I would like to thank the authors for their detailed rebuttal and conducting additional experiments. Virtually all my concerns have been addressed sufficiently, regarding comparisons with other methods and questions about noise. This, along with careful consideration of the other reviews, justifies an increase in my score, also to appreciate that the community is likely to benefit from this work.

To this end, I believe the biggest question mark and opportunity is still whether one can consistently improve with increasing depth.

评论

We fully agree that understanding how to consistently improve performance with increasing network depth is a key open question and an important future direction for FF learning.
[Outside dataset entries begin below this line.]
(* Consider the setting and definitions in the context. Then $V_{con}-V_{adj}$ is positive semidefinite.
   Context: For each $n$, let $N_n=\{1,\dots,n\}$ and let $\{Y_{n,i}:i\in N_n\}$, $Y_{n,i}\in\mathbb{R}^v$, be random vectors with finite second moments (means may differ across $i$). Each $i$ has a cluster index $g(i)\in\{1,\dots,G\}$ and a time index $t(i)\in\{1,\dots,T\}$. Let $N_t^T=\{i:t(i)=t\}$, $N_g^G=\{i:g(i)=g\}$, $N_{t,g}^{T\cap G}=N_t^T\cap N_g^G$, and $y_t:=\sum_{i\in N_t^T}Y_{n,i}$. Let $M$ be a positive integer and $\omega(m,M)\in[0,1]$ kernel weights. Define $V_{con}:=\sum_{i\in N_n}\sum_{j\in N^G_{g(i)}}E[Y_{n,i}Y_{n,j}']+\sum_{i\in N_n}\sum_{j\in N^T_{t(i)}}E[Y_{n,i}Y_{n,j}']+\sum_{m=1}^M\omega(m,M)\left(\sum_{t=1}^{T-m}E[y_ty_{t+m}']+\sum_{t=1}^{T-m}E[y_{t+m}y_t']+2\sum_{t=1}^TE[y_ty_t']\right)$, $V_{adj}:=\sum_{i\in N_n}\sum_{j\in N^G_{g(i)}}\mathrm{Cov}(Y_{n,i},Y_{n,j})+\sum_{i\in N_n}\sum_{j\in N^T_{t(i)}}\mathrm{Cov}(Y_{n,i},Y_{n,j})-\sum_{i\in N_n}\sum_{j\in N^{T\cap G}_{t(i),g(i)}}\mathrm{Cov}(Y_{n,i},Y_{n,j})+\sum_{m=1}^M\sum_{t=1}^{T-m}\omega(m,M)\mathrm{Cov}(y_t,y_{t+m})+\sum_{m=1}^M\sum_{t=1}^{T-m}\omega(m,M)\mathrm{Cov}(y_{t+m},y_t)$, where $\mathrm{Cov}(X,Z)=E[XZ']-E[X]E[Z]'$. *)

theory Defs
  imports "HOL-Probability.Probability"
begin

definition Emat :: "'a measure \<Rightarrow> ('a \<Rightarrow> real^'v) \<Rightarrow> ('a \<Rightarrow> real^'v) \<Rightarrow> real^'v^'v" where
  "Emat M X Z = (\<chi> a b. integral\<^sup>L M (\<lambda>w. X w $ a * Z w $ b))"

definition Evec :: "'a measure \<Rightarrow> ('a \<Rightarrow> real^'v) \<Rightarrow> real^'v" where
  "Evec M X = (\<chi> a. integral\<^sup>L M (\<lambda>w. X w $ a))"

definition Covm :: "'a measure \<Rightarrow> ('a \<Rightarrow> real^'v) \<Rightarrow> ('a \<Rightarrow> real^'v) \<Rightarrow> real^'v^'v" where
  "Covm M X Z = Emat M X Z - (\<chi> a b. Evec M X $ a * Evec M Z $ b)"

definition psd :: "real^'v^'v \<Rightarrow> bool" where
  "psd A \<longleftrightarrow> (\<forall>x. 0 \<le> x \<bullet> (A *v x))"

definition yagg :: "nat \<Rightarrow> (nat \<Rightarrow> nat) \<Rightarrow> (nat \<Rightarrow> 'a \<Rightarrow> real^'v) \<Rightarrow> nat \<Rightarrow> 'a \<Rightarrow> real^'v" where
  "yagg n tt Y s = (\<lambda>w. \<Sum>i\<in>{i\<in>{1..n}. tt i = s}. Y i w)"

definition Vcon :: "'a measure \<Rightarrow> nat \<Rightarrow> (nat \<Rightarrow> nat) \<Rightarrow> (nat \<Rightarrow> nat) \<Rightarrow> nat \<Rightarrow> nat
    \<Rightarrow> (nat \<Rightarrow> real) \<Rightarrow> (nat \<Rightarrow> 'a \<Rightarrow> real^'v) \<Rightarrow> real^'v^'v" where
  "Vcon M n g tt T Mk wt Y =
     (\<Sum>i\<in>{1..n}. \<Sum>j\<in>{j\<in>{1..n}. g j = g i}. Emat M (Y i) (Y j))
   + (\<Sum>i\<in>{1..n}. \<Sum>j\<in>{j\<in>{1..n}. tt j = tt i}. Emat M (Y i) (Y j))
   + (\<Sum>m\<in>{1..Mk}. wt m *\<^sub>R
        ((\<Sum>s\<in>{1..T-m}. Emat M (yagg n tt Y s) (yagg n tt Y (s+m)))
       + (\<Sum>s\<in>{1..T-m}. Emat M (yagg n tt Y (s+m)) (yagg n tt Y s))
       + 2 *\<^sub>R (\<Sum>s\<in>{1..T}. Emat M (yagg n tt Y s) (yagg n tt Y s))))"

definition Vadj :: "'a measure \<Rightarrow> nat \<Rightarrow> (nat \<Rightarrow> nat) \<Rightarrow> (nat \<Rightarrow> nat) \<Rightarrow> nat \<Rightarrow> nat
    \<Rightarrow> (nat \<Rightarrow> real) \<Rightarrow> (nat \<Rightarrow> 'a \<Rightarrow> real^'v) \<Rightarrow> real^'v^'v" where
  "Vadj M n g tt T Mk wt Y =
     (\<Sum>i\<in>{1..n}. \<Sum>j\<in>{j\<in>{1..n}. g j = g i}. Covm M (Y i) (Y j))
   + (\<Sum>i\<in>{1..n}. \<Sum>j\<in>{j\<in>{1..n}. tt j = tt i}. Covm M (Y i) (Y j))
   - (\<Sum>i\<in>{1..n}. \<Sum>j\<in>{j\<in>{1..n}. tt j = tt i \<and> g j = g i}. Covm M (Y i) (Y j))
   + (\<Sum>m\<in>{1..Mk}. \<Sum>s\<in>{1..T-m}. wt m *\<^sub>R Covm M (yagg n tt Y s) (yagg n tt Y (s+m)))
   + (\<Sum>m\<in>{1..Mk}. \<Sum>s\<in>{1..T-m}. wt m *\<^sub>R Covm M (yagg n tt Y (s+m)) (yagg n tt Y s))"

end

theory Submission
  imports Defs
begin

(* Evaluate the quadratic forms at x and put u_i = x'Y_i, v_t = x'y_t.  Since
   E[XZ'] - Cov(X,Z) = E[X]E[Z]', the cluster and time terms of V_con - V_adj become
   sums over clusters resp. periods of (sum of E u_i)^2, and the subtracted intersection
   term adds the variances of the cell sums of the u_i.  For each lag m the remaining
   term is the lagged products of the means E v_t plus 2 sum_t E[v_t^2]; as
   E[v_t^2] >= (E v_t)^2, it dominates sum_t (E v_t + E v_(t+m))^2 >= 0. *)

definition square_integrable :: "'a measure \<Rightarrow> ('a \<Rightarrow> real) \<Rightarrow> bool" where
  "square_integrable M f \<longleftrightarrow> f \<in> borel_measurable M \<and> integrable M (\<lambda>w. (f w)\<^sup>2)"

lemma square_integrable_imp_integrable_mult:
  assumes "square_integrable M f" "square_integrable M g"
  shows "integrable M (\<lambda>w. f w * g w)"
proof (rule Bochner_Integration.integrable_bound)
  show "integrable M (\<lambda>w. (f w)\<^sup>2 + (g w)\<^sup>2)" "(\<lambda>w. f w * g w) \<in> borel_measurable M"
    using assms unfolding square_integrable_def by auto
  have "\<bar>f w * g w\<bar> \<le> (f w)\<^sup>2 + (g w)\<^sup>2" for w
    unfolding abs_mult using sum_squares_bound[of "\<bar>f w\<bar>" "\<bar>g w\<bar>"]
      mult_nonneg_nonneg[OF abs_ge_zero abs_ge_zero, of "f w" "g w"]
    by (simp only: power2_abs)
  then show "AE w in M. norm (f w * g w) \<le> norm ((f w)\<^sup>2 + (g w)\<^sup>2)"
    by simp
qed

lemma square_integrable_add:
  assumes "square_integrable M f" "square_integrable M g"
  shows "square_integrable M (\<lambda>w. f w + g w)"
proof -
  have "(\<lambda>w. (f w + g w)\<^sup>2) = (\<lambda>w. (f w)\<^sup>2 + (g w)\<^sup>2 + 2 * (f w * g w))"
    by (simp add: power2_sum mult.assoc)
  then show ?thesis
    using assms square_integrable_imp_integrable_mult[OF assms]
    unfolding square_integrable_def by auto
qed

lemma square_integrable_cmult:
  "square_integrable M f \<Longrightarrow> square_integrable M (\<lambda>w. c * f w)"
  unfolding square_integrable_def by (auto simp: power_mult_distrib)
(* Let $\Delta\ge3$. Then $\bar{\mathrm{R}}(\mathrm{R}(\Pi^{\mathsf{orcx}}))=\Pi^{\mathsf{orcx}}$ up to renaming of labels.
   Context: Node-edge-checkable problems $(\Sigma,\mathcal{N},\mathcal{E})$ have a finite label set $\Sigma$, node constraint $\mathcal{N}$ (a set of cardinality-$\Delta$ multisets over $\Sigma$) and edge constraint $\mathcal{E}$ (a set of cardinality-$2$ multisets). Round elimination. $\mathrm{R}(\Pi)$ is defined as follows. - $\mathcal{E}_{\mathrm{R}(\Pi)}$ consists of the configurations $S_1S_2$ of nonempty subsets of $\Sigma_\Pi$ with $L_1L_2\in\mathcal{E}_\Pi$ for all $L_i\in S_i$ that are maximal. Maximal means no other such configuration dominates it via elementwise inclusion up to permutation. - $\Sigma_{\mathrm{R}(\Pi)}$ is the set of sets occurring there. - $\mathcal{N}_{\mathrm{R}(\Pi)}$ consists of the configurations over $\Sigma_{\mathrm{R}(\Pi)}$ admitting a choice in $\mathcal{N}_\Pi$. $\bar{\mathrm{R}}(\Pi)$ is defined dually. - $\mathcal{N}_{\bar{\mathrm{R}}(\Pi)}$ consists of the maximal configurations of nonempty subsets all of whose choices lie in $\mathcal{N}_\Pi$. - $\Sigma_{\bar{\mathrm{R}}(\Pi)}$ is the set of sets occurring there. - $\mathcal{E}_{\bar{\mathrm{R}}(\Pi)}$ consists of the configurations admitting a choice in $\mathcal{E}_\Pi$. $\Pi^{\mathsf{orcx}}$ has labels $\Sigma_1\cup\Sigma_2$ with $\Sigma_1=\{\mathsf O,\mathsf R,\mathsf C,\mathsf X\}$ and $\Sigma_2=\{\mathsf o,\mathsf r,\mathsf c,\mathsf x\}$. Its node configurations are the $L_1\dots L_\Delta$ such that: - exactly one $L_k$ lies in $\Sigma_1$; and - there are distinct $k,k'$ with all other $L_{k''}\in\{\mathsf O,\mathsf o\}$, and either ($L_k\in\{\mathsf X,\mathsf x\}$ and $L_{k'}\in\{\mathsf O,\mathsf o\}$) or ($L_k\in\{\mathsf R,\mathsf r\}$ and $L_{k'}\in\{\mathsf C,\mathsf c\}$). Its edge configurations are all configurations in $[\mathsf O]\,[\mathsf O\mathsf R\mathsf C\mathsf X]$, $[\mathsf O\mathsf R]\,[\mathsf O\mathsf R]$, $[\mathsf O\mathsf C]\,[\mathsf O\mathsf C]$, $[\mathsf o]\,[\mathsf o\mathsf r\mathsf c\mathsf x]$ and $[\mathsf o\mathsf r]\,[\mathsf o\mathsf c]$, where $[S]\,[S']$ denotes all pairs with one entry from $S$ and the other from $S'$. *)

theory Defs
  imports Main "HOL-Library.Multiset"
begin
(* Let $e\ge3$ be odd, $m\in\mathbb N$, $t\in\{0,1\}$, and $\mathbf c=(t+(1-e)/2,0)$. Then the vertex $|(\emptyset,1^m),\mathbf c\rangle$ of the crystal graph $\mathcal G_{\mathbf c,e}$ is a highest weight vertex if and only if $e\mid 2m+t$ or $e\mid 2m+t-1$.
   Context: Crystal graph $\mathcal G_{\mathbf c,e}$ for $\mathbf c=(c_1,c_2)\in\mathbb Z^2$: vertices are $|\mu,\mathbf c\rangle$ for all bipartitions $\mu=(\mu^1,\mu^2)$. A node of $\mu$ is $(a,b,j)$ with $(a,b)$ (row $a$, column $b$) in the Young diagram of $\mu^j$; content $b-a+c_j$, residue = content mod $e$. A node $\gamma$ is addable (resp. removable) if $\mu\cup\{\gamma\}$ (resp. $\mu\setminus\{\gamma\}$) is a bipartition. For $i\in\{0,\dots,e-1\}$ order the addable and removable $i$-nodes by $\gamma\prec\gamma'$ iff $\mathrm{cont}(\gamma)<\mathrm{cont}(\gamma')$ or contents equal and $j>j'$; write them in increasing order as a word in $A$ (addable), $R$ (removable), and delete recursively consecutive $RA$, giving $A^\alpha R^\beta$; if $\alpha>0$, the good addable $i$-node is that of the rightmost $A$. Edge $|\mu,\mathbf c\rangle\xrightarrow{i}|\nu,\mathbf c\rangle$ iff $\nu$ is $\mu$ plus its good addable $i$-node. A highest weight vertex is a vertex with no incoming edges. *)

theory Defs
  imports Main "HOL-Library.Product_Lexorder"
begin

definition is_partition :: "nat list \<Rightarrow> bool" where
  "is_partition l \<longleftrightarrow> sorted_wrt (\<ge>) l \<and> 0 \<notin> set l"

type_synonym bipartition = "nat list \<times> nat list"

definition is_bipartition :: "bipartition \<Rightarrow> bool" where
  "is_bipartition \<mu> \<longleftrightarrow> is_partition (fst \<mu>) \<and> is_partition (snd \<mu>)"

definition diagram :: "nat list \<Rightarrow> (nat \<times> nat) set" where
  "diagram l = {(a, b). 1 \<le> a \<and> a \<le> length l \<and> 1 \<le> b \<and> b \<le> l ! (a - 1)}"

type_synonym node = "nat \<times> nat \<times> nat"

definition nodes :: "bipartition \<Rightarrow> node set" where
  "nodes \<mu> = {(a, b, 1) | a b. (a, b) \<in> diagram (fst \<mu>)}
           \<union> {(a, b, 2) | a b. (a, b) \<in> diagram (snd \<mu>)}"

definition addable :: "bipartition \<Rightarrow> node \<Rightarrow> bool" where
  "addable \<mu> \<gamma> \<longleftrightarrow> \<gamma> \<notin> nodes \<mu> \<and>
     (\<exists>\<nu>. is_bipartition \<nu> \<and> nodes \<nu> = nodes \<mu> \<union> {\<gamma>})"

definition removable :: "bipartition \<Rightarrow> node \<Rightarrow> bool" where
  "removable \<mu> \<gamma> \<longleftrightarrow> \<gamma> \<in> nodes \<mu> \<and>
     (\<exists>\<nu>. is_bipartition \<nu> \<and> nodes \<nu> = nodes \<mu> - {\<gamma>})"

definition content :: "int \<times> int \<Rightarrow> node \<Rightarrow> int" where
  "content c \<gamma> = (case \<gamma> of (a, b, j) \<Rightarrow>
      int b - int a + (if j = 1 then fst c else snd c))"

definition residue :: "int \<times> int \<Rightarrow> nat \<Rightarrow> node \<Rightarrow> int" where
  "residue c e \<gamma> = content c \<gamma> mod int e"

text \<open>The addable and removable i-nodes listed in increasing order for
  \<gamma> \<prec> \<gamma>' iff cont < cont' or (cont = cont' and j > j'); the remaining
  components only break ties that cannot occur. True = A, False = R.\<close>
definition i_word :: "int \<times> int \<Rightarrow> nat \<Rightarrow> bipartition \<Rightarrow> nat \<Rightarrow> (node \<times> bool) list" where
  "i_word c e \<mu> i =
     map (\<lambda>(k, nj, \<gamma>, isA). (\<gamma>, isA))
       (sorted_list_of_set
         {(content c \<gamma>, - int (snd (snd \<gamma>)), \<gamma>, addable \<mu> \<gamma>) | \<gamma>.
            (addable \<mu> \<gamma> \<or> removable \<mu> \<gamma>) \<and> residue c e \<gamma> = int i})"

fun cancel1 :: "(node \<times> bool) list \<Rightarrow> (node \<times> bool) list option" where
  "cancel1 (x # y # xs) =
     (if \<not> snd x \<and> snd y then Some xs else map_option (Cons x) (cancel1 (y # xs)))"
| "cancel1 _ = None"

lemma cancel1_length: "cancel1 w = Some w' \<Longrightarrow> length w' < length w"
  by (induction w arbitrary: w' rule: cancel1.induct) (auto split: if_splits)

function reduce_word :: "(node \<times> bool) list \<Rightarrow> (node \<times> bool) list" where
  "reduce_word w = (case cancel1 w of None \<Rightarrow> w | Some w' \<Rightarrow> reduce_word w')"
  by pat_completeness auto
termination
  by (relation "measure length") (auto dest: cancel1_length)

definition good_addable :: "int \<times> int \<Rightarrow> nat \<Rightarrow> bipartition \<Rightarrow> nat \<Rightarrow> node option" where
  "good_addable c e \<mu> i =
     (let r = reduce_word (i_word c e \<mu> i) in
      if filter snd r = [] then None else Some (fst (last (filter snd r))))"

definition crystal_edge ::
  "int \<times> int \<Rightarrow> nat \<Rightarrow> bipartition \<Rightarrow> nat \<Rightarrow> bipartition \<Rightarrow> bool" where
  "crystal_edge c e \<mu> i \<nu> \<longleftrightarrow> is_bipartition \<mu> \<and> is_bipartition \<nu> \<and> i < e \<and>
     (\<exists>\<gamma>. good_addable c e \<mu> i = Some \<gamma> \<and> nodes \<nu> = nodes \<mu> \<union> {\<gamma>})"

definition highest_weight :: "int \<times> int \<Rightarrow> nat \<Rightarrow> bipartition \<Rightarrow> bool" where
  "highest_weight c e \<nu> \<longleftrightarrow> is_bipartition \<nu> \<and>
     \<not> (\<exists>\<mu> i. crystal_edge c e \<mu> i \<nu>)"

end

theory Submission
  imports Defs
begin

text \<open>The vertex \<open>(\<emptyset>, 1\<^sup>m)\<close> can only be reached from \<open>(\<emptyset>, 1\<^sup>m\<^sup>-\<^sup>1)\<close> by adding its
  bottom node \<open>(m,1,2)\<close>, of residue \<open>i\<close> say. The addable nodes of the shorter column are
  \<open>(1,1,1)\<close>, \<open>(m,1,2)\<close> and, for \<open>m \<ge> 2\<close>, \<open>(1,2,2)\<close>; its only removable node
  \<open>(m-1,1,2)\<close> has residue \<open>i + 1 \<noteq> i\<close>, so the \<open>i\<close>-word has no letter \<open>R\<close>, nothing
  cancels, and \<open>(m,1,2)\<close> is good exactly when it is the \<open>\<prec>\<close>-largest addable \<open>i\<close>-node.
  So the vertex is highest weight iff \<open>m = 0\<close>, or \<open>(1,2,2)\<close> is an addable \<open>i\<close>-node, or
  \<open>(1,1,1)\<close> is an \<open>i\<close>-node of content at least \<open>1 - m\<close>. For the charge
  \<open>(t - (e-1)/2, 0)\<close> the last two conditions read \<open>e | 2m\<close> and \<open>e | 2m + 2t - 1\<close>.\<close>

declare reduce_word.simps [simp del]

lemma cancel1_all_addable: "\<forall>x\<in>set w. snd x \<Longrightarrow> cancel1 w = None"
  by (induction w rule: cancel1.induct) auto

lemma reduce_word_all_addable: "\<forall>x\<in>set w. snd x \<Longrightarrow> reduce_word w = w"
  by (subst reduce_word.simps) (simp add: cancel1_all_addable)

lemma set_cancel1_subset: "cancel1 w = Some w' \<Longrightarrow> set w' \<subseteq> set w"
  by (induction w arbitrary: w' rule: cancel1.induct) (auto split: if_splits)

lemma set_reduce_word_subset: "set (reduce_word w) \<subseteq> set w"
proof (induction w rule: reduce_word.induct)
  case (1 w)
  then show ?case
    by (cases "cancel1 w") (auto simp: reduce_word.simps[of w] dest!: set_cancel1_subset)
qed

lemma in_set_sorted_list_of_setD: "x \<in> set (sorted_list_of_set S) \<Longrightarrow> x \<in> S"
  by (cases "finite S") auto

lemma good_addable_addable:
  assumes "good_addable c e \<mu> i = Some \<gamma>"
  shows "addable \<mu> \<gamma>" and "residue c e \<gamma> = int i"
proof -
  let ?r = "reduce_word (i_word c e \<mu> i)"
  have "filter snd ?r \<noteq> []" and \<gamma>: "\<gamma> = fst (last (filter snd ?r))"
    using assms by (auto simp: good_addable_def Let_def split: if_splits)
  then have "last (filter snd ?r) \<in> set ?r \<and> snd (last (filter snd ?r))"
    using last_in_set by fastforce
  then have "(\<gamma>, True) \<in> set ?r"
    unfolding \<gamma> by (cases "last (filter snd ?r)") auto
  then have "(\<gamma>, True) \<in> set (i_word c e \<mu> i)"
    using set_reduce_word_subset by blast
  then show "addable \<mu> \<gamma>" and "residue c e \<gamma> = int i"
    by (auto simp: i_word_def dest!: in_set_sorted_list_of_setD)
qed
(* Let $G$ be a Parametric Timed Game, $R\subseteq L$ a reachability objective, and $W(R)$ the set of winning states of $G$ for $R$. Then $$\mathit{SafePred}\big(W(R)\cup\mathit{WinningMoves}(W(R)),\ \mathit{Uncontrollable}(W(R))\big)\subseteq W(R).$$
   Context: A Parametric Timed Game (PTG) is a tuple $G=(L,X,P,\mathit{Act},T_c,T_u,\ell_0,\mathit{Inv})$ where $L$ is a finite set of locations, $X$ a finite set of clocks, $P$ a finite set of parameters, $\mathit{Act}$ a set of labels, $\ell_0\in L$ the initial location, $T=T_c\cup T_u$ (disjoint union of controllable and uncontrollable transitions) is a finite set of tuples $(\ell,g,a,Y,\ell')$ with $\ell,\ell'\in L$, $a\in\mathit{Act}$, $Y\subseteq X$ and $g$ a guard, and $\mathit{Inv}$ maps each location to a guard. A linear term over $P$ is an expression $k_0+\sum_i k_i p_i$ with $k_i\in\mathbb{Q}$, $p_i\in P$. A guard is a finite conjunction of constraints $x\sim \mathit{plt}$ and $\mathit{plt}'\sim\mathit{plt}$ with $x\in X$, $\sim\in\{<,\le,=,\ge,>\}$, and $\mathit{plt},\mathit{plt}'$ linear terms over $P$. A valuation is a pair $v=(v_X,v_P)$ with $v_X:X\to\mathbb{R}_{\ge0}$ and $v_P:P\to\mathbb{Q}_{\ge0}$; satisfaction $v\models g$ is defined by substituting values. For $\delta\ge0$, $v+\delta=(v_X+\delta,v_P)$ (all clocks increased by $\delta$), and $v[Y:=0]$ sets clocks in $Y$ to $0$ and leaves other clocks and the parameters unchanged. A state is a pair $(\ell,v)$ with $v\models\mathit{Inv}(\ell)$; $\mathbb{S}$ is the set of states. Timed transition: for $\delta\in\mathbb{R}_{\ge0}$, $(\ell,v)\to^{\delta}(\ell',v')$ iff both are states, $\ell=\ell'$ and $v'=v+\delta$. Discrete transition: for $t=(\ell,g,a,Y,\ell')\in T$, $(\ell,v)\to^{t}(\ell',v')$ iff both are states, $v\models g$ and $v'=v[Y:=0]$. A run from a state $s_0$ is a finite or infinite sequence $s_0s_1s_2\ldots$ of states with $s_{2i}\to^{\delta_i}s_{2i+1}\to^{t_i}s_{2i+2}$ for some $\delta_i\ge0$, $t_i\in T$ (as long as the sequence continues); a history is a finite prefix of a run, $\mathcal{H}$ the set of histories, and $ls(h)$ the last state of $h$. Coverage: $\mathit{Cover}(s\to^{\delta}s')=\{s''\in\mathbb{S}\mid \exists\,0\le\delta'\le\delta,\ s\to^{\delta'}s''\}$; $\mathit{Cover}(s)=\{s'\mid\exists\delta\ge0,\ s\to^\delta s'\}$; the coverage of a run $r=s_0s_1\ldots$ is the union of $\mathit{Cover}(s_{2i}\to^{\delta}s_{2i+1})$ over its timed transitions, together with $\mathit{Cover}(ls(r))$ if $r$ is finite. For $R\subseteq L$, a run $r$ is winning iff $\mathit{Cover}(r)$ contains a state whose location is in $R$. A controller strategy is a function $\sigma_c:\mathcal{H}\to\mathbb{R}_{\ge0}\cup\{\infty\}\cup T_c$ and an environment strategy a function $\sigma_e:\mathcal{H}\to\mathbb{R}_{\ge0}\cup\{\infty\}\cup T_u$, such that for $\sigma\in\{\sigma_c,\sigma_e\}$ and every $h$: (1) if $\sigma(h)=(\ell,g,a,Y,\ell')\in T$ then $ls(h)=(\ell,v)$ with $v\models g$ and $v[Y:=0]\models\mathit{Inv}(\ell')$; (2) if $\sigma(h)=\delta\in\mathbb{R}_{\ge0}$ and $ls(h)\to^{\delta}s$ for some state $s$, then $\sigma(h\to^\delta s)\in T$ (where $h\to^{\delta}s$ is $h$ extended by the delay). The global strategy $\sigma=\sigma_{(\sigma_c,\sigma_e)}$ is: if $\sigma_e(h)=t_u\in T_u$ then $\sigma(h)=t_u$; if $\sigma_c(h)=t_c\in T_c$ and $\sigma_e(h)$ is a delay then $\sigma(h)=t_c$; if both are delays $\delta,\delta'$ then $\sigma(h)=\min(\delta,\delta')$. The run induced by $\sigma$ from $s_0$ is built as follows: at even index $i$, if $\sigma(s_0\ldots s_i)=t\in T$ then $s_{i+1}=s_i$ (delay $0$) and $s_{i+2}$ is the $t$-successor; if it is a delay $\delta$ and a state $s$ with $s_i\to^\delta s$ exists, $s_{i+1}=s$; otherwise the run ends; at odd index $i$, $\sigma(s_0\ldots s_i)$ is a transition $t$ and $s_{i+1}$ is the unique state with $s_i\to^t s_{i+1}$. A run adheres to $\sigma_c$ if it is the run induced by $\sigma_{(\sigma_c,\sigma_e)}$ for some environment strategy $\sigma_e$. A controller strategy is winning from $s$ (for $R$) if all runs from $s$ adhering to it are winning; $s$ is a winning state if such a strategy exists, and $W(R)$ denotes the set of winning states. Operators on sets of states $S,S_1,S_2\subseteq\mathbb{S}$: $\mathit{WinningMoves}(S)=\{s\in\mathbb{S}\mid\exists t\in T_c,\ s'\in S,\ s\to^t s'\}$; $\mathit{Uncontrollable}(S)=\{s\in\mathbb{S}\mid\exists t\in T_u,\ s'\notin S,\ s\to^t s'\}$; $\mathit{SafePred}(S_1,S_2)=\{s\in\mathbb{S}\mid \exists s'\in S_1,\ \exists\delta\ge0,\ s\to^\delta s'\ \wedge\ \mathit{Cover}(s\to^\delta s')\cap S_2=\emptyset\}$. *)

theory Defs
  imports "HOL-Library.Extended_Nat" Complex_Main
begin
We plan to systematically explore this in future work.

最终决定

The paper describes a local self-supervised learning method based on a variation of the forward-forward approach. The loss used is based on the dimensionality of data, using the effective dimension, which is the ratio between the square of the sum of eigenvalues of the covariance matrix, divided by the sum of the squared eigenvalues. The dimensionality is maximal for different images in a batch, but minimal with a noisy version of the same image.

Strengths identified by the reviewers include:

  1. The dimensionality compression goodness function is novel and original in this setting.

  2. Performance on the benchmark datasets provide improvement over the original forward-forward algorithm.

  3. The introduction of noise to enable learning and circumvent the need for negative samples is of interest.

Weaknesses identified, which the authors should try to address, include:

  1. Algorithm demonstrated only on shallow architectures.

  2. The mathematical notation is imprecise.

  3. Although the performance is better than the original forward-forward algorithm it is not better than other biologically plausible algorithms.

The authors in their rebuttal did a good job explaining some misunderstandings regarding biological plausibility and the effectiveness of the method with deeper architectures. This convinced some of the reviewers to upgrade their score.

After rebuttal, the paper received 1 Accept, and 3 Borderline accepts. As such I am inclined to recommend acceptance of the paper. The authors should make a reasonable effort to address the concerns of the reviewers in the final paper version.